2. The method as claimed in claim 1, wherein the plurality of biological sequence fragments are collected from a group comprising of genomic, metagenomic, and environmental samples.
3. The method as claimed in claim 1, wherein the unidimensional compositional metric is cmp-score.
4. The method as claimed in claim 1, wherein the distance between the 256-dimensional tetra-nucleotide frequency vector (v) corresponding to the each sequenced biological sequence fragment out of the plurality of sequenced biological sequence fragments is computed using a distance metric selected from a group comprising Manhattan distance, Euclidean distance, and an appropriate metric suitable for measuring distance in a multidimensional space.
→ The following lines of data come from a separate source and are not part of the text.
(* Let $w_1=(x_2'-x_2)y_1-(x_1'-x_1)y_2$ and $w_2=(x_2'-x_2)y_1'-(x_1'-x_1)y_2'$, and let $J=\{f\in K[X;Y]: fw_1=0\}\cap\{f\in K[X;Y]: fw_2=0\}$. Then $J$, viewed as a $K[X]$-module, is spanned by $h_1,h_2,h_3,h_4$, where $h_1=y_1y_2y_1'y_2'$, $h_2=y_1y_2\big(y_1'(x_2'-x_2)-y_2'(x_1'-x_1)\big)$, $h_3=y_1'y_2'\big(y_1(x_2'-x_2)-y_2(x_1'-x_1)\big)$, $h_4=\big(y_1'(x_2'-x_2)-y_2'(x_1'-x_1)\big)\big(y_1(x_2'-x_2)-y_2(x_1'-x_1)\big)$.
   Context: $K$ is an infinite field of characteristic different from 2. Let $X=\{x_1,x_2,x_1',x_2'\}$ and $Y=\{y_1,y_2,y_1',y_2'\}$, and let $K[X;Y]\cong K[X]\otimes_K E(Y)$ be the free supercommutative algebra: the $x$'s are even commuting variables, the $y$'s are odd pairwise anticommuting variables, and $E(Y)$ is the Grassmann algebra on the vector space with basis $Y$. $K[X]$ is the polynomial subalgebra in $X$. *)

theory Defs
  imports "HOL-Computational_Algebra.Polynomial"
begin

text \<open>K[X] = K[x1,x2,x1',x2'] rendered as an iterated univariate polynomial ring.\<close>
type_synonym 'k px = "'k poly poly poly poly"

definition X1 :: "'k::comm_ring_1 px" where "X1 = [:0, 1:]"
definition X2 :: "'k::comm_ring_1 px" where "X2 = [:[:0, 1:]:]"
definition X1' :: "'k::comm_ring_1 px" where "X1' = [:[:[:0, 1:]:]:]"
definition X2' :: "'k::comm_ring_1 px" where "X2' = [:[:[:[:0, 1:]:]:]:]"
5. The method as claimed in claim 1, further comprises of generating n-dimensional frequency vector for a plurality of k-mer frequencies wherein the plurality of k-mer frequencies are other than tetra-nucleotide frequency.
6. The method as claimed in claim 1, wherein the reference vectors constitutes randomly generated 256 dimensional vectors that are discrete in feature vector space.
7. The method as claimed in claim 1, further comprises of utilizing resulting groups in efficient and rapid ordering, comparison, categorization, and thereby aiding in annotation of sequenced biological sequence fragments.
8. The method as claimed in claim 1, further comprises of computing the unidimensional compositional metric for each sequenced biological sequence fragment out of the plurality of sequenced biological sequence fragments as a cumulative function of the distance of the tetra-nucleotide frequency vector (v) corresponding to an individual biological sequence fragment from the first three or more reference vectors, wherein the three or more reference vectors are derived from a second set of reference vectors.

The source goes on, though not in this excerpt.